Introduction
ACTA is a fascinating and in places disturbing document. But it is worthy of attention not only for what is there on the page, but for what is not there. I hope to convince you that we all – governments, trade negotiators, right holders, civil society and user interests – have as much to learn from the absences in ACTA as from its black-and-white text.
From Ambition to Vague Aspirational Statements and Optional Extras
The ACTA negotiations started out with high, evangelical ambitions: to promote IP enforcement through global cooperation and to establish the “gold standard” for IP enforcement rules and procedures. Early leaked texts showed how major players like the United States and the European Union aspired to export their own detailed, right holder–friendly systems.
The United States wanted its digital copyright regulations: comprehensive rules against “hacking” technological protections like encryption and copy controls, and safe harbours for Internet intermediaries conditioned on those intermediaries becoming Internet police, removing infringements and kicking the intransigent off the Internet entirely.

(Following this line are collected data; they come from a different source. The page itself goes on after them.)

lemma lmult_tau_lmult_Suc:
  assumes IH: "\<And>u. unit u \<Longrightarrow> mul (\<tau> (mul u m)) m = \<tau> u"
    and units: "unit u" "unit (mul u m)" "unit (mul u (Suc m))" "unit (mul (mul u m) (Suc m))"
  shows "mul (\<tau> (mul u (Suc m))) (Suc m) = \<tau> u"
proof -
  define a b c where "a = \<tau> (mul u m)" and "b = \<tau> (mul u (Suc m))"
    and "c = \<tau> (mul (mul u m) (Suc m))"
  have a: "\<not> eq a infty" and b: "\<not> eq b infty" and c: "\<not> eq c infty"
    unfolding a_def b_def c_def using units is_unit_tau unit_not_eq_infty by blast+
  have u: "\<not> eq u infty"
    using units(1) by (rule unit_not_eq_infty)
  have "mul c m = b"
    unfolding b_def c_def
    using IH[OF units(3)] lmult_lmult[OF u] by (simp add: mult.commute)
  moreover have "\<alpha> (neg a) b = neg c"
  proof -
    have "\<alpha> (neg a) (\<tau> (\<alpha> (mul u m) (inv \<tau> (mul a m)))) = \<tau> (mul (neg (mul u m)) (Suc m))"
      unfolding a_def by (rule alpha_lneg_tau_apply[OF units(2)])
    then show ?thesis
      unfolding a_def b_def c_def
      using IH[OF units(1)] inv_tau_tau alpha_lmult_apply[OF u]
        lmult_lneg[OF unit_not_eq_infty[OF units(2)]] tau_lneg[OF units(4)]
      by simp
  qed
  then have "\<alpha> a = \<alpha> b \<circ> \<alpha> c"
    using a b c by (rule alpha_eq_comp_if_alpha_lneg_apply[rotated 3])
  ultimately have "mul a m = mul b (Suc m)"
    using a b c lmult_Suc_if_alpha_eq_comp by blast
  then show ?thesis
    unfolding a_def b_def using IH[OF units(1)] by simp
qed

lemma lmult_tau_lmult:
  assumes "\<And>x j. unit x \<Longrightarrow> 1 \<le> j \<Longrightarrow> j \<le> k \<Longrightarrow> unit (mul x j)" "1 \<le> k" "unit u"
  shows "mul (\<tau> (mul u k)) k = \<tau> u"
  using assms(2,1,3)
proof (induction k arbitrary: u rule: nat_induct_at_least)
  case base
  then show ?case
    using is_unit_tau unit_not_eq_infty lmult_1 by simp
next
  case (Suc m)
  then show ?case
    using lmult_tau_lmult_Suc[of m u] by force
qed

context
  fixes k :: nat
  assumes k_ge_1: "1 \<le> k"
    and is_unit_lmult: "\<And>x j. unit x \<Longrightarrow> 1 \<le> j \<Longrightarrow> j \<le> k \<Longrightarrow> unit (mul x j)"
begin

lemma lmult_inj_on_units:
  assumes "unit x" "unit y" "mul x k = mul y k"
  shows "x = y"
proof -
  have "\<tau> x = \<tau> y"
    using lmult_tau_lmult[OF is_unit_lmult k_ge_1] assms by metis
  then show ?thesis
    using inv_tau_tau by metis
qed

lemma alpha_has_root:
  assumes "unit a"
  shows "\<exists>v\<in>U infty. v ^^ k = \<alpha> a"
proof -
  define b where "b = \<tau> (mul (inv \<tau> a) k)"
  have "unit b"
    unfolding b_def using assms is_unit_inv_tau is_unit_lmult[OF _ k_ge_1] is_unit_tau by blast
  moreover have "mul b k = a"
    unfolding b_def using lmult_tau_lmult[OF is_unit_lmult k_ge_1 is_unit_inv_tau[OF assms]]
    by (simp add: tau_inv_tau)
  ultimately show ?thesis
    using alpha_in_U alpha_funpow unit_not_eq_infty by metis
qed

lemma U_infty_has_root:
  assumes "u \<in> U infty"
  shows "\<exists>v\<in>U infty. v ^^ k = u"
proof (cases "eq (u zero) zero")
  case False
  then have "unit (u zero)"
    using U_infty_not_eq_infty[OF assms basis] by (simp add: is_unit_def)
  then show ?thesis
    using alpha_has_root U_infty_eq_alpha[OF assms] by metis
next
  case True
  have e: "\<not> eq e infty"
    using unit_e by (rule unit_not_eq_infty)
  define w where "w = u \<circ> \<alpha> (neg e)"
  have "w \<in> U infty"
    unfolding w_def using U_comp alpha_in_U lneg_not_eq_infty[OF e] assms by blast
  moreover have "unit (w zero)"
    unfolding w_def using U_infty_is_unit_apply[OF assms True is_unit_lneg[OF unit_e]] alpha_zero
      lneg_not_eq_infty[OF e] by simp
  ultimately obtain v where v: "v \<in> U infty" "v ^^ k = w"
    using alpha_has_root U_infty_eq_alpha by metis
  obtain v' where v': "v' \<in> U infty" "v' ^^ k = \<alpha> e"
    using alpha_has_root[OF unit_e] by blast
  have "u = w \<circ> \<alpha> e"
    unfolding w_def inv_alpha[OF e, symmetric]
    using U_bij[OF alpha_in_U[OF e]] by (simp add: comp_assoc bij_is_inj)
  also have "\<dots> = (v \<circ> v') ^^ k"
    using funpow_comp_commute[OF U_infty_commute[OF v(1) v'(1)]] v v' by simp
  finally show ?thesis
    using U_comp[OF v'(1) v(1)] by metis
qed
definition toggled :: "nat \<Rightarrow> nat \<Rightarrow> (nat \<times> nat \<Rightarrow> real) \<Rightarrow> nat \<times> nat \<Rightarrow> real" where
  "toggled a b g x = 1 / g x * down_sum a b g x * up_par_sum a b g x"

lemma btoggle_grid: "btoggle (grid a b) x g = g(x := toggled a b g x)"
  by (simp add: btoggle_def toggled_def down_sum_def up_par_sum_def)

lemma down_sum_grid:
  assumes "(i, j) \<in> grid a b"
  shows "down_sum a b g (i, j) = (if 2 \<le> i then g (i - 1, j) else 0) + (if 2 \<le> j then g (i, j - 1) else 0)
     + (if i = 1 \<and> j = 1 then 1 else 0)"
  using assms unfolding down_sum_def down_covers_grid[OF assms]
  by (cases "2 \<le> i"; cases "2 \<le> j") (auto simp: grid_def)

lemma up_par_sum_grid:
  assumes "(i, j) \<in> grid a b"
  shows "up_par_sum a b g (i, j) = 1 / ((if i < a then 1 / g (i + 1, j) else 0)
     + (if j < b then 1 / g (i, j + 1) else 0) + (if i = a \<and> j = b then 1 else 0))"
  using assms unfolding up_par_sum_def par_sum_def up_covers_grid[OF assms]
  by (cases "i < a"; cases "j < b") (auto simp: grid_def)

The United States also wanted extensive rules criminalising even non-commercial copyright infringements – based on its own No Electronic Theft Act of 1999.
The EU wanted extensive measures for intercepting IP infringement at the border, including requirements to stop infringing goods “in transit,” as well as at the point of import or export, and the extension of these measures and other enforcement measures to patents, designs, and the EU’s own favoured form of IP protection: geographical indications.